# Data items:

definition drift :: "(nat \<Rightarrow> real \<Rightarrow> real \<Rightarrow> real) \<Rightarrow> nat \<Rightarrow> real \<Rightarrow> real \<Rightarrow> real" where
  "drift Y i a s = (if i = 0 then 1 / Y 0 a s else 1 / Y i a s - psi a (Y i a s) (\<lambda>b. Y (i - 1) b s))"

lemma It_scheme_drift:
  assumes "It_scheme \<beta> n yin W Y" "i \<le> n" "a \<in> hatZ" "0 \<le> t"
  shows "drift Y i a integrable_on {0..t}"
    and "Y i a t = yin a + W a t + \<beta> * integral {0..t} (drift Y i a)"
proof -
  have "drift Y i a integrable_on {0..t} \<and> Y i a t = yin a + W a t + \<beta> * integral {0..t} (drift Y i a)"
  proof (cases i)
    case 0
    then have "drift Y i a = (\<lambda>s. 1 / Y 0 a s)" by (simp add: drift_def fun_eq_iff)
    then show ?thesis using assms 0 unfolding It_scheme_def by auto
  next
    case (Suc j)
    then have "drift Y i a = (\<lambda>s. 1 / Y i a s - psi a (Y i a s) (\<lambda>b. Y (i - 1) b s))"
      by (simp add: drift_def fun_eq_iff)
    moreover have "1 \<le> i" using Suc by simp
    ultimately show ?thesis using assms unfolding It_scheme_def by auto
  qed
  then show "drift Y i a integrable_on {0..t}"
    and "Y i a t = yin a + W a t + \<beta> * integral {0..t} (drift Y i a)" by auto
qed

lemma scheme_comparison:
  assumes Y: "It_scheme \<beta> n yin W Y" and Z: "It_scheme \<beta> n zin W Z" and \<beta>: "0 \<le> \<beta>"
    and i: "i \<le> n" and k: "k \<le> n" and a: "a \<in> hatZ"
    and cY: "continuous_on {0..} (Y i a)" and cZ: "continuous_on {0..} (Z k a)"
    and init: "zin a \<le> yin a"
    and step: "\<And>s. 0 \<le> s \<Longrightarrow> Y i a s \<le> Z k a s \<Longrightarrow> drift Z k a s \<le> drift Y i a s"
    and t: "0 \<le> t"
  shows "Z k a t \<le> Y i a t"
  by (rule integral_equation_comparison[where w = "W a", OF cY cZ \<beta> _ _ _ _ init step t])
    (use It_scheme_drift[OF Y i a] It_scheme_drift[OF Z k a] in auto)
theorem proposition4p5:
  fixes X :: VX and rho :: "gb \<Rightarrow> melt \<Rightarrow> melt"
  shows "(induced_rep X rho \<longrightarrow> (\<forall>b x. nabla X (rho b x) = rho b (nabla X x)))
    \<and> (\<forall>x y. nabla X (x + y) = nabla X x + nabla X y)
    \<and> (\<forall>c x. nabla X (cmul c x) = cmul c (nabla X x))
    \<and> (\<forall>x. nabla X (nabla X x) = 0)
    \<and> (\<forall>m n x. x \<in> Mspace X m n \<longrightarrow> nabla X x \<in> Mspace X (m - 1) (n - 1))
    \<and> (\<forall>m n :: nat. 1 \<le> m \<longrightarrow> 1 \<le> n \<longrightarrow>
          (\<exists>x \<in> Mspace XA (int m) (int n). nabla XA x \<noteq> 0))
    \<and> (\<forall>m n :: nat. 1 \<le> n \<longrightarrow>
          (\<exists>x \<in> Mspace XB (- int m) (int n). nabla XB x \<noteq> 0))
    \<and> (\<forall>m n :: nat. (\<exists>x \<in> Mspace XC (- int m) (- int n). nabla XC x \<noteq> 0))
    \<and> (\<forall>m n :: nat. 1 \<le> m \<longrightarrow>
          (\<exists>x \<in> Mspace XD (int m) (- int n). nabla XD x \<noteq> 0))"
proof -
  have "induced_rep X rho \<Longrightarrow> nabla X (rho b x) = rho b (nabla X x)" for b x
    by (rule induced_module.nabla_rho_commute[OF induced_module.intro])
  moreover have "\<exists>x \<in> Mspace XA (int m) (int n). nabla XA x \<noteq> 0" if "1 \<le> m" "1 \<le> n" for m n
    using nabla_nonzero_in_Mspace[of XA m n] that by (simp add: Ex_def Ey_def xdual_def ydual_def)
  moreover have "\<exists>x \<in> Mspace XB (- int m) (int n). nabla XB x \<noteq> 0" if "1 \<le> n" for m n
    using nabla_nonzero_in_Mspace[of XB m n] that by (simp add: Ex_def Ey_def xdual_def ydual_def)
  moreover have "\<exists>x \<in> Mspace XC (- int m) (- int n). nabla XC x \<noteq> 0" for m n
    using nabla_nonzero_in_Mspace[of XC m n] by (simp add: Ex_def Ey_def xdual_def ydual_def)
  moreover have "\<exists>x \<in> Mspace XD (int m) (- int n). nabla XD x \<noteq> 0" if "1 \<le> m" for m n
    using nabla_nonzero_in_Mspace[of XD m n] that by (simp add: Ex_def Ey_def xdual_def ydual_def)
  ultimately show ?thesis
    using nabla_nabla nabla_Mspace by simp
qed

# Exercise prompt:
Each line of the records that contains the string "thesis" must be copied.

# Answer for this exercise:
    then show ?thesis using assms 0 unfolding It_scheme_def by auto
    ultimately show ?thesis using assms unfolding It_scheme_def by auto
  ultimately show ?thesis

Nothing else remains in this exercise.